I have two plow trucks & I need work. I am very reliable if you have to much or need help please let me know. thanks mark.


----------



## Superior L & L (Oct 6, 2006)

This guy is about 30 mins from you, check out his post

http://www.plowsite.com/showthread.php?t=42531

If it works out i want my 10% commision for setting this up!

LOL


----------



## GrandScapes (Jan 18, 2007)

mark0270;355204 said:


> I have two plow trucks & I need work. I am very reliable if you have to much or need help please let me know. thanks mark.
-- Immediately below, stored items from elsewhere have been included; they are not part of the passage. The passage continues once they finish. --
lemma Diff_in_UC_generators:
  assumes "C \<in> Lstar L v" "E \<in> C" "F \<in> D0 L v" "F \<notin> C"
  shows "E - F \<in> UC_generators L v C"
proof -
  have "\<not> covers {F} C" using Lstar_not_covers_iff[OF assms(1)] assms(3,4) by simp
  then have "E - \<Union>{F} \<in> UC_generators L v C"
    using assms(2,3) by (intro UC_generatorsI) auto
  then show ?thesis by simp
qed

lemma Lstar_subset_UC_generators:
  assumes "C \<in> Lstar L v"
  shows "C \<subseteq> UC_generators L v C"
proof
  fix E assume "E \<in> C"
  moreover have "\<not> covers {} C" using Lstar_not_covers_iff[OF assms] by simp
  ultimately have "E - \<Union>{} \<in> UC_generators L v C"
    by (intro UC_generatorsI) auto
  then show "E \<in> UC_generators L v C" by simp
qed

lemma decides_UC_generators:
  assumes "C \<in> Lstar L v" "A \<in> Aring L v"
  shows "decides (UC_generators L v C) A"
proof -
  have C: "D0_filter L v C" using assms(1) by (simp add: Lstar_def)
  obtain E0 where E0: "E0 \<in> C" using D0_filter_nonempty[OF C] by blast
  have "UC_generators L v C \<noteq> {}" using E0 Lstar_subset_UC_generators[OF assms(1)] by blast
  then have "ring_of_sets (vL L v) {A \<in> Pow (vL L v). decides (UC_generators L v C) A}"
    using UC_generators_Int[OF assms(1)] by (intro ring_of_sets_decided)
  moreover have "decides (UC_generators L v C) F" if "F \<in> D0 L v" for F
  proof (cases "F \<in> C")
    case True
    then show ?thesis
      using Lstar_subset_UC_generators[OF assms(1)] unfolding decides_def by blast
  next
    case False
    then have "E0 - F \<in> UC_generators L v C"
      using Diff_in_UC_generators[OF assms(1) E0 that] by blast
    moreover have "(E0 - F) \<inter> F = {}" by blast
    ultimately show ?thesis unfolding decides_def by (intro disjI2 bexI)
  qed
  then have "D0 L v \<subseteq> {A \<in> Pow (vL L v). decides (UC_generators L v C) A}"
    using D0_subset_vL[of _ L v] by auto
  ultimately have "Aring L v \<subseteq> {A \<in> Pow (vL L v). decides (UC_generators L v C) A}"
    by (rule Aring_minimal)
  with assms(2) show ?thesis by blast
qed

lemma ring_ultrafilter_UC_generators:
  assumes "C \<in> Lstar L v"
  shows "ring_ultrafilter (Aring L v) (upward_closure (Aring L v) (UC_generators L v C))"
proof (rule ring_ultrafilter_upward_closure[OF ring_of_sets_Aring])
  have C: "D0_filter L v C" using assms(1) by (simp add: Lstar_def)
  show "UC_generators L v C \<subseteq> Aring L v"
    by (rule UC_generators_subset_Aring[OF D0_filter_subset[OF C]])
  show "UC_generators L v C \<noteq> {}"
    using D0_filter_nonempty[OF C] Lstar_subset_UC_generators[OF assms] by blast
  show "{} \<notin> UC_generators L v C" by (rule empty_notin_UC_generators)
  show "a \<inter> b \<in> UC_generators L v C"
    if "a \<in> UC_generators L v C" "b \<in> UC_generators L v C" for a b
    using UC_generators_Int[OF assms that] .
  show "decides (UC_generators L v C) A" if "A \<in> Aring L v" for A
    using decides_UC_generators[OF assms that] .
qed

lemma upward_closure_UC_generators_trace:
  assumes "C \<in> Lstar L v"
  shows "upward_closure (Aring L v) (UC_generators L v C) \<inter> D0 L v = C"
proof (intro equalityI subsetI)
  have C: "D0_filter L v C" using assms(1) by (simp add: Lstar_def)
  fix A assume "A \<in> upward_closure (Aring L v) (UC_generators L v C) \<inter> D0 L v"
  then obtain N where A: "A \<in> D0 L v" and N: "N \<in> UC_generators L v C" "N \<subseteq> A"
    unfolding upward_closure_def by blast
  show "A \<in> C"
  proof (rule ccontr)
    assume "A \<notin> C"
    obtain E0 where "E0 \<in> C" using D0_filter_nonempty[OF C] by blast
    then have "E0 - A \<in> UC_generators L v C"
      using Diff_in_UC_generators[OF assms _ A \<open>A \<notin> C\<close>] by blast
    then have "N \<inter> (E0 - A) \<in> UC_generators L v C"
      using UC_generators_Int[OF assms N(1)] by blast
    moreover have "N \<inter> (E0 - A) = {}" using N(2) by blast
    ultimately show False using empty_notin_UC_generators by metis
  qed
next
  have C: "D0_filter L v C" using assms(1) by (simp add: Lstar_def)
  fix A assume "A \<in> C"
  then show "A \<in> upward_closure (Aring L v) (UC_generators L v C) \<inter> D0 L v"
    using Lstar_subset_UC_generators[OF assms] D0_filter_subset[OF C] D0_subset_Aring[of L v]
    unfolding upward_closure_def by auto
qed

lemma Xv_trace_unique:
  assumes "C \<in> Lstar L v" "U \<in> Xv L v" "U \<inter> D0 L v = C"
  shows "U = upward_closure (Aring L v) (UC_generators L v C)"
proof -
  have U: "ring_ultrafilter (Aring L v) U" using assms(2) by (simp add: Xv_def)
  then have filter: "ring_filter (Aring L v) U" by (simp add: ring_ultrafilter_def)
  have "UC_generators L v C \<subseteq> U"
  proof
    fix N assume "N \<in> UC_generators L v C"
    then obtain E \<F> where N: "N = E - \<Union>\<F>" "E \<in> C" "finite \<F>" "\<F> \<subseteq> D0 L v" "\<not> covers \<F> C"
      by (rule UC_generatorsE)
    have "E \<in> U" using N(2) assms(3) by blast
    moreover have "\<F> \<subseteq> Aring L v" using N(4) D0_subset_Aring[of L v] by blast
    moreover have "\<F> \<inter> U = {}" using N(4,5) assms(3) unfolding covers_def by blast
    ultimately show "N \<in> U"
      unfolding N(1) by (rule ring_ultrafilter_Diff_Union[OF ring_of_sets_Aring U _ N(3)])
  qed
  then have "upward_closure (Aring L v) (UC_generators L v C) \<subseteq> U"
    using ring_filter_mono[OF filter] unfolding upward_closure_def by blast
  then show ?thesis
    using ring_ultrafilter_UC_generators[OF assms(1)] filter unfolding ring_ultrafilter_def by blast
qed

lemma UC_eq_upward_closure:
  assumes "C \<in> Lstar L v"
  shows "UC L v C = upward_closure (Aring L v) (UC_generators L v C)"
  unfolding UC_def
proof (rule the_equality)
  show "upward_closure (Aring L v) (UC_generators L v C) \<in> Xv L v \<and>
    upward_closure (Aring L v) (UC_generators L v C) \<inter> D0 L v = C"
    using ring_ultrafilter_UC_generators[OF assms] upward_closure_UC_generators_trace[OF assms]
    by (simp add: Xv_def)
qed (use Xv_trace_unique[OF assms] in blast)

lemma UC_in_Xv: "C \<in> Lstar L v \<Longrightarrow> UC L v C \<in> Xv L v"
  by (simp add: Xv_def UC_eq_upward_closure ring_ultrafilter_UC_generators)

lemma UC_mem_iff:
  assumes "C \<in> Lstar L v"
  shows "A \<in> UC L v C \<longleftrightarrow> A \<in> Aring L v \<and> (\<exists>N\<in>UC_generators L v C. N \<subseteq> A)"
  unfolding UC_eq_upward_closure[OF assms] upward_closure_def by (rule mem_Collect_eq)

lemma Lstarstar_UC_mem_iff:
  assumes "LCSC L" "C \<in> Lstarstar L v"
  shows "A \<in> UC L v C \<longleftrightarrow> A \<in> Aring L v \<and> (\<exists>G\<in>C. G \<subseteq> A)"
proof -
  have C: "C \<in> Lstar L v" using assms(2) by (simp add: Lstarstar_def)
  have maxC: "max_D0_filter L v C" using assms by (simp add: Lstarstar_iff_max_D0_filter)
  have "(\<exists>N\<in>UC_generators L v C. N \<subseteq> A) \<longleftrightarrow> (\<exists>G\<in>C. G \<subseteq> A)"
  proof
    assume "\<exists>N\<in>UC_generators L v C. N \<subseteq> A"
    then obtain N where "N \<in> UC_generators L v C" "N \<subseteq> A" by blast
    then obtain E \<F> where N: "N = E - \<Union>\<F>" "E \<in> C" "finite \<F>" "\<F> \<subseteq> D0 L v" "\<not> covers \<F> C"
      by (elim UC_generatorsE)
    then have "\<F> \<inter> C = {}" unfolding covers_def by blast
    then obtain G where "G \<in> C" "G \<subseteq> E - \<Union>\<F>"
      using max_D0_filter_avoids[OF assms(1) maxC N(2-4)] by blast
    moreover have "E - \<Union>\<F> \<subseteq> A" using \<open>N \<subseteq> A\<close> unfolding N(1) .
    ultimately show "\<exists>G\<in>C. G \<subseteq> A" by (meson order_trans)
  next
    assume "\<exists>G\<in>C. G \<subseteq> A"
    with Lstar_subset_UC_generators[OF C] show "\<exists>N\<in>UC_generators L v C. N \<subseteq> A" by blast
  qed
  with UC_mem_iff[OF C] show ?thesis by simp
qed

section \<open>The boundary\<close>

definition basic_open :: "'a cat \<Rightarrow> 'a \<Rightarrow> 'a set \<Rightarrow> 'a set set set" where
  "basic_open L v A = {U \<in> Xv L v. A \<in> U}"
Is Jason the guy with the other truck? I talked to a Jason from your area today and we got a deal set up and he said he had 2 trucks...


----------



## mark0270 (Jan 19, 2007)

No, I don`t know a jason but would really like some work if you have some. Please let me know . I`m in the Pinckney area (Livingston-Washtenaw county area)


----------



## GrandScapes (Jan 18, 2007)

mark0270;357947 said:


> No, I don`t know a jason but would really like some work if you have some. Please let me know . I`m in the Pinckney area (Livingston-Washtenaw county area)


Where exactly are you located at? How far are you willing to drive? Most of our work is in the Gen County area. This is primarily where we are looking for subs at. We can work something out though. I could use 2-3 more trucks.


----------



## mark0270 (Jan 19, 2007)

I`am located in Livingston county in Pinckney, & I`ll drive as far as i need to. It looks like your in the county just north of me. Let me know if you still need help. 
Thanks, Mark


----------